完成了对 socket 的 bindlisten,至此 socket 从初始化到监听都走完,就差 accept 了。

继续往下是 netFD 初始化 init

func (fd *netFD) init() error {
    return fd.pfd.Init(fd.net, true)
}

找到 poll.FD 结构的 Init 方法:

func (fd *FD) Init(net string, pollable bool) error {
    // We don't actually care about the various network types.
    if net == "file" {
        fd.isFile = true
    }
    if !pollable {
        fd.isBlocking = 1
        return nil
    }
    err := fd.pd.init(fd)
    if err != nil {
        // If we could not initialize the runtime poller,
        // assume we are using blocking mode.
        fd.isBlocking = 1
    }
    return err
}

pollDesc 结构的 init 方法,刚才就见过了:

func (pd *pollDesc) init(fd *FD) error {
    serverInit.Do(runtime_pollServerInit)
    ctx, errno := runtime_pollOpen(uintptr(fd.Sysfd))
    if errno != 0 {
        if ctx != 0 {
            runtime_pollUnblock(ctx)
            runtime_pollClose(ctx)
        }
        return errnoErr(syscall.Errno(errno))
    }
    pd.runtimeCtx = ctx
    return nil
}

终于看到和 epoll 相关的函数了 runtime_pollServerInit 还有 runtime_pollOpen

//go:linkname poll_runtime_pollServerInit internal/poll.runtime_pollServerInit
func poll_runtime_pollServerInit() {
    netpollGenericInit()
}

func netpollGenericInit() {
    if atomic.Load(&netpollInited) == 0 {
        lockInit(&netpollInitLock, lockRankNetpollInit)
        lock(&netpollInitLock)
        if netpollInited == 0 {
            netpollinit()
            atomic.Store(&netpollInited, 1)
        }
        unlock(&netpollInitLock)
    }
}

go:linkname 注释会引导编译器将 runtime_pollServerInit 函数链接至 src/runtime/netpoll.go 中的 poll_runtime_pollServerInit 函数,一开始就看到的 netpollinit 来了:

func netpollinit() {
    epfd = epollcreate1(_EPOLL_CLOEXEC)
    if epfd < 0 {
        epfd = epollcreate(1024)
        if epfd < 0 {
            println("runtime: epollcreate failed with", -epfd)
            throw("runtime: netpollinit failed")
        }
        closeonexec(epfd)
    }
    r, w, errno := nonblockingPipe()
    if errno != 0 {
        println("runtime: pipe failed with", -errno)
        throw("runtime: pipe failed")
    }
    ev := epollevent{
        events: _EPOLLIN,
    }
    *(**uintptr)(unsafe.Pointer(&ev.data)) = &netpollBreakRd
    errno = epollctl(epfd, _EPOLL_CTL_ADD, r, &ev)
    if errno != 0 {
        println("runtime: epollctl failed with", -errno)
        throw("runtime: epollctl failed")
    }
    netpollBreakRd = uintptr(r)
    netpollBreakWr = uintptr(w)
}

netpollinit 函数中创建了一个 epoll 实例,并将返回的 epoll 文件描述符赋值给全局的 epfd 变量。

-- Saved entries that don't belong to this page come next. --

(* For every $t$, $$\mathrm{var}(r_t)=\mu^2\lambda^2 e\int_{-1}^0\int_{-1}^0\left\{e^{\gamma_Z(s-t')}-1\right\}dt'\,ds+\lambda e^{1/2}(\mu^2+\sigma_e^2).$$
   Context: Standing model. Fix $d\in[0,\tfrac12)$ and put $H=\tfrac12+d$. Let $B_H$ be a fractional Brownian motion with Hurst index $H$ (a standard Brownian motion if $H=\tfrac12$), fix $c>0$, and let $Z_H(t)=B_H(ct)-B_H(ct-1)$, $t\in\mathbb R$; this is a stationary Gaussian process with mean $0$, variance $1$ and autocovariance $\gamma_Z(r)=\tfrac12\left[|cr+1|^{2H}-2|cr|^{2H}+|cr-1|^{2H}\right]$. Fix $\lambda>0$ and let $N$ be a Cox process on $\mathbb R$ directed by the random measure $\Lambda(A)=\int_A\lambda e^{Z_H(t)}\,dt$ (conditionally on $Z_H$, $N$ is a Poisson process with mean measure $\Lambda$). Write $N(t)=N((0,t])$ and $\Delta N(t)=N((t-1,t])$. Let $(e_k)$ be i.i.d. random variables with mean $0$, variance $\sigma_e^2$ and finite moments of all orders, independent of $N$, attached to the successive points of $N$, and fix $\mu>0$. The log price is $\log P(t)=\sum_{k=1}^{N(t)}(\mu+e_k)$, and the daily return for $t\in\mathbb Z$ is $r_t=\mu\,\Delta N(t)+\sum e_k$, the sum over the shocks attached to the points of $N$ in $(t-1,t]$; $(r_t)$ is strictly stationary. *)

theory Defs
  imports "HOL-Probability.Probability"
begin

definition gaussian_rv :: "'a measure \<Rightarrow> ('a \<Rightarrow> real) \<Rightarrow> real \<Rightarrow> real \<Rightarrow> bool" where
  "gaussian_rv M X m v \<longleftrightarrow> X \<in> borel_measurable M \<and> v \<ge> 0 \<and>
     (if v > 0 then distributed M lborel X (normal_density m (sqrt v))
      else (AE \<omega> in M. X \<omega> = m))"
(* Let $\mathcal{F}_s$ be as below and let $E_s$ be the number of forms $f\in\mathcal{F}_s$ such that $-3D(f)$ is imaginary or unusual with $\mathrm{sgn}(-3D(f))\in\{1,h\}$, the Hessian $H_f=(P,Q,R)$ is partially reduced, and $\deg(P)=\deg(R)$. Then $E_s\le\frac{q+1}{2}q^s$ if $s\equiv0\pmod 4$, and $E_s=0$ if $s\not\equiv0\pmod4$.
   Context: $q$ is a prime power with $\gcd(q,6)=1$; for nonzero $H\in\mathbb{F}_q[t]$, $|H|=q^{\deg H}$, $\mathrm{sgn}(H)$ = leading coefficient, $|0|=0$. A binary cubic form $(a,b,c,d)$ is $ax^3+bx^2y+cxy^2+dy^3$ over $\mathbb{F}_q[t]$, irreducible, with discriminant $D(f)=18abcd+b^2c^2-4ac^3-4b^3d-27a^2d^2$ and Hessian $(P,Q,R)$, $P=b^2-3ac$, $Q=bc-9ad$, $R=c^2-3bd$ (a binary quadratic form $Px^2+Qxy+Ry^2$ of discriminant $-3D(f)$). $\Delta$ is imaginary if $\deg\Delta$ odd and unusual if $\deg\Delta$ even and $\mathrm{sgn}(\Delta)$ a non-square in $\mathbb{F}_q^*$. Fix a primitive root $h$ of $\mathbb{F}_q^*$, $S=\{h^i:0\le i\le(q-3)/2\}$. A binary quadratic form $(A,B,C)$ is partially reduced if $|B|<|A|\le|C|$; if $|A|<|C|$ then $\mathrm{sgn}(A)\in\{1,h\}$, if $|A|=|C|$ then $\mathrm{sgn}(A)=1$; and $B\ne0$ implies $\mathrm{sgn}(B)\in S$. $\mathcal{F}_s$ is the set of binary cubic forms $f=(a,b,c,d)$ with $\deg D(f)=s$, $\deg a\le s/4$, $\deg b\le s/4$, $\deg(ad)\le s/2$, $\deg(bc)\le s/2$, and $\mathrm{sgn}(a)\in S$. *)

theory Defs
  imports "HOL-Computational_Algebra.Polynomial" "HOL-Computational_Algebra.Polynomial_Factorial" "HOL-Library.Cardinality"
begin

type_synonym 'a bcf = "'a poly \<times> 'a poly \<times> 'a poly \<times> 'a poly"

definition pabs :: "'a::{field,finite} poly \<Rightarrow> nat" where
  "pabs H = (if H = 0 then 0 else CARD('a) ^ degree H)"

definition psgn :: "'a::field poly \<Rightarrow> 'a" where
  "psgn H = lead_coeff H"

definition disc :: "'a::comm_ring_1 \<times> 'a \<times> 'a \<times> 'a \<Rightarrow> 'a" where
  "disc f = (case f of (a,b,c,d) \<Rightarrow>
     18*a*b*c*d + b^2*c^2 - 4*a*c^3 - 4*b^3*d - 27*a^2*d^2)"

definition hessian :: "'a::comm_ring_1 \<times> 'a \<times> 'a \<times> 'a \<Rightarrow> 'a \<times> 'a \<times> 'a" where
  "hessian f = (case f of (a,b,c,d) \<Rightarrow> (b^2 - 3*a*c, b*c - 9*a*d, c^2 - 3*b*d))"

text \<open>A form with a = 0 is divisible by y, hence reducible; for a \<noteq> 0 the form is
  irreducible iff its dehomogenisation a x^3 + b x^2 + c x + d is irreducible in F_q(t)[x].\<close>
definition irred_form :: "'a::field bcf \<Rightarrow> bool" where
  "irred_form f = (case f of (a,b,c,d) \<Rightarrow>
     a \<noteq> 0 \<and> irreducible (map_poly to_fract [:d, c, b, a:]))"

definition is_square :: "'a::field \<Rightarrow> bool" where
  "is_square x = (\<exists>y. y^2 = x)"

definition imaginary :: "'a::field poly \<Rightarrow> bool" where
  "imaginary \<Delta> = odd (degree \<Delta>)"

definition unusual :: "'a::field poly \<Rightarrow> bool" where
  "unusual \<Delta> = (even (degree \<Delta>) \<and> \<not> is_square (psgn \<Delta>))"

definition Sset :: "'a::{field,finite} \<Rightarrow> 'a set" where
  "Sset h = {h ^ i | i. i \<le> (CARD('a) - 3) div 2}"

definition partially_reduced :: "'a::{field,finite} \<Rightarrow> 'a poly \<times> 'a poly \<times> 'a poly \<Rightarrow> bool" where
  "partially_reduced h F = (case F of (A,B,C) \<Rightarrow>
     pabs B < pabs A \<and> pabs A \<le> pabs C
     \<and> (pabs A < pabs C \<longrightarrow> psgn A \<in> {1, h})
     \<and> (pabs A = pabs C \<longrightarrow> psgn A = 1)
     \<and> (B \<noteq> 0 \<longrightarrow> psgn B \<in> Sset h))"

text \<open>The set F_s. Degree bounds deg a \<le> s/4 etc. are written as 4 * deg a \<le> s;
  for zero polynomials (degree 0 in Isabelle, -\<infinity> in the paper) these bounds hold in both readings.\<close>
definition Fs :: "'a::{field,finite} \<Rightarrow> nat \<Rightarrow> 'a bcf set" where
  "Fs h s = {(a,b,c,d). irred_form (a,b,c,d)
      \<and> disc (a,b,c,d) \<noteq> 0 \<and> degree (disc (a,b,c,d)) = s
      \<and> 4 * degree a \<le> s \<and> 4 * degree b \<le> s
      \<and> 2 * degree (a*d) \<le> s \<and> 2 * degree (b*c) \<le> s
      \<and> psgn a \<in> Sset h}"

definition Es_set :: "'a::{field,finite} \<Rightarrow> nat \<Rightarrow> 'a bcf set" where
  "Es_set h s = {f \<in> Fs h s.
      (let \<Delta> = -3 * disc f in
        (imaginary \<Delta> \<or> unusual \<Delta>) \<and> psgn \<Delta> \<in> {1, h})
      \<and> partially_reduced h (hessian f)
      \<and> (case hessian f of (P,Q,R) \<Rightarrow> degree P = degree R)}"

definition Es :: "'a::{field,finite} \<Rightarrow> nat \<Rightarrow> nat" where
  "Es h s = card (Es_set h s)"

end

theory Submission
  imports Defs
begin

(* Let f = (a,b,c,d) be counted by E_s with Hessian (P,Q,R), m = deg P = deg R.  Partial
   reduction makes P monic and deg Q < m, so the discriminant -3D(f) = Q^2 - 4PR has degree
   2m and sign -4 sgn(R); not being imaginary, it is unusual and its sign is h.  Thus s = 2m,
   and the degree bounds defining F_s together with P = b^2 - 3ac, R = c^2 - 3bd force m = 2k
   and deg a, deg b, deg c, deg d \<le> k.  In particular E_s = 0 unless s = 4k.  Comparing
   t^(2k)-coefficients, the t^k-coefficients (A,B,C,D) satisfy Hessian(A,B,C,D) = (1,0,-h/4),
   so (A,B) lies on a conic with at most q+1 points and (C,D) is determined by (A,B).  A form
   is therefore determined by (A,B) and the parts of a, b, c, d below t^k, giving at most
   (q+1) q^(4k) possibilities; replacing a by -a gives disjoint images because sgn(a) \<in> S
   forces -sgn(a) \<notin> S, which yields the factor 1/2. *)

(* The characteristic of a finite ring divides its cardinality: translating every element
   by 1 permutes the ring, so summing over it shows CARD \<cdot> 1 = 0. *)
lemma of_nat_card_eq_0: "of_nat CARD('a::{finite,comm_ring_1}) = (0::'a)"
proof -
  have "(\<Sum>x\<in>UNIV. x + 1) = (\<Sum>x\<in>(UNIV::'a set). x)"
    by (rule sum.reindex_bij_witness[where i="\<lambda>x. x - 1" and j="\<lambda>x. x + 1"]) auto
  then show ?thesis by (simp add: sum.distrib)
qed

lemma of_nat_nonzero_if_coprime_card:
  assumes "coprime CARD('a::{finite,field}) n"
  shows "(of_nat n :: 'a) \<noteq> 0"
proof
  assume "(of_nat n :: 'a) = 0"
  then have "CHAR('a) dvd n" by (simp add: of_nat_eq_0_iff_char_dvd)
  moreover have "CHAR('a) dvd CARD('a)" by (simp add: of_nat_card_eq_0 flip: of_nat_eq_0_iff_char_dvd)
  ultimately have "is_unit CHAR('a)" using assms coprime_common_divisor by blast
  then show False by simp
qed

lemma small_numerals_nonzero:
  assumes "coprime CARD('a::{finite,field}) 6"
  shows "(2::'a) \<noteq> 0" "(3::'a) \<noteq> 0" "(4::'a) \<noteq> 0" "(9::'a) \<noteq> 0"
proof -
  have "(of_nat n :: 'a) \<noteq> 0" if "n dvd 6^2" for n
  proof (rule of_nat_nonzero_if_coprime_card)
    show "coprime CARD('a) n"
      using assms that by (meson coprime_divisors coprime_power_right_iff dvd_refl)
  qed
  from this[of 2] this[of 3] this[of 4] this[of 9]
  show "(2::'a) \<noteq> 0" "(3::'a) \<noteq> 0" "(4::'a) \<noteq> 0" "(9::'a) \<noteq> 0"
    by simp_all
qed

lemma disc_hessian_identity:
  fixes f :: "'a::comm_ring_1 \<times> 'a \<times> 'a \<times> 'a"
  assumes "hessian f = (P,Q,R)"
  shows "-3 * disc f = Q^2 - 4*P*R"
proof (cases f)
  case (fields a b c d)
  with assms have PQR: "P = b^2 - 3*a*c" "Q = b*c - 9*a*d" "R = c^2 - 3*b*d"
    by (simp_all add: hessian_def)
  show ?thesis
    unfolding fields PQR disc_def by (simp add: algebra_simps power2_eq_square power3_eq_cube)
qed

epollcreate1 函数在 Golang 源码中是一串汇编代码 https://github.com/golang/go/blob/go1.16.3/src/runtime/sys_linux_amd64.s#L696-L702

#define SYS_epoll_create1	291

// int32 runtime·epollcreate1(int32 flags);
TEXT runtime·epollcreate1(SB),NOSPLIT,$0
    MOVL	flags+0(FP), DI
    MOVL	$SYS_epoll_create1, AX
    SYSCALL
    MOVL	AX, ret+8(FP)
    RET

虽然看不太懂但是 SYS_epoll_create1 与 Linux 系统调用表中的 epoll_create1 系统调用编号是一致的(291)。

//go:linkname poll_runtime_pollOpen internal/poll.runtime_pollOpen
func poll_runtime_pollOpen(fd uintptr) (*pollDesc, int) {
    pd := pollcache.alloc()
    lock(&pd.lock)
    if pd.wg != 0 && pd.wg != pdReady {
        throw("runtime: blocked write on free polldesc")
    }
    if pd.rg != 0 && pd.rg != pdReady {
        throw("runtime: blocked read on free polldesc")
    }
    pd.fd = fd
    pd.closing = false
    pd.everr = false
    pd.rseq++
    pd.rg = 0
    pd.rd = 0
    pd.wseq++
    pd.wg = 0
    pd.wd = 0
    pd.self = pd
    unlock(&pd.lock)

    var errno int32
    errno = netpollopen(fd, pd)
    return pd, int(errno)
}

go:linkname 注释会引导编译器将 runtime_pollOpen 函数链接至 src/runtime/netpoll.go 中的 poll_runtime_pollOpen 函数。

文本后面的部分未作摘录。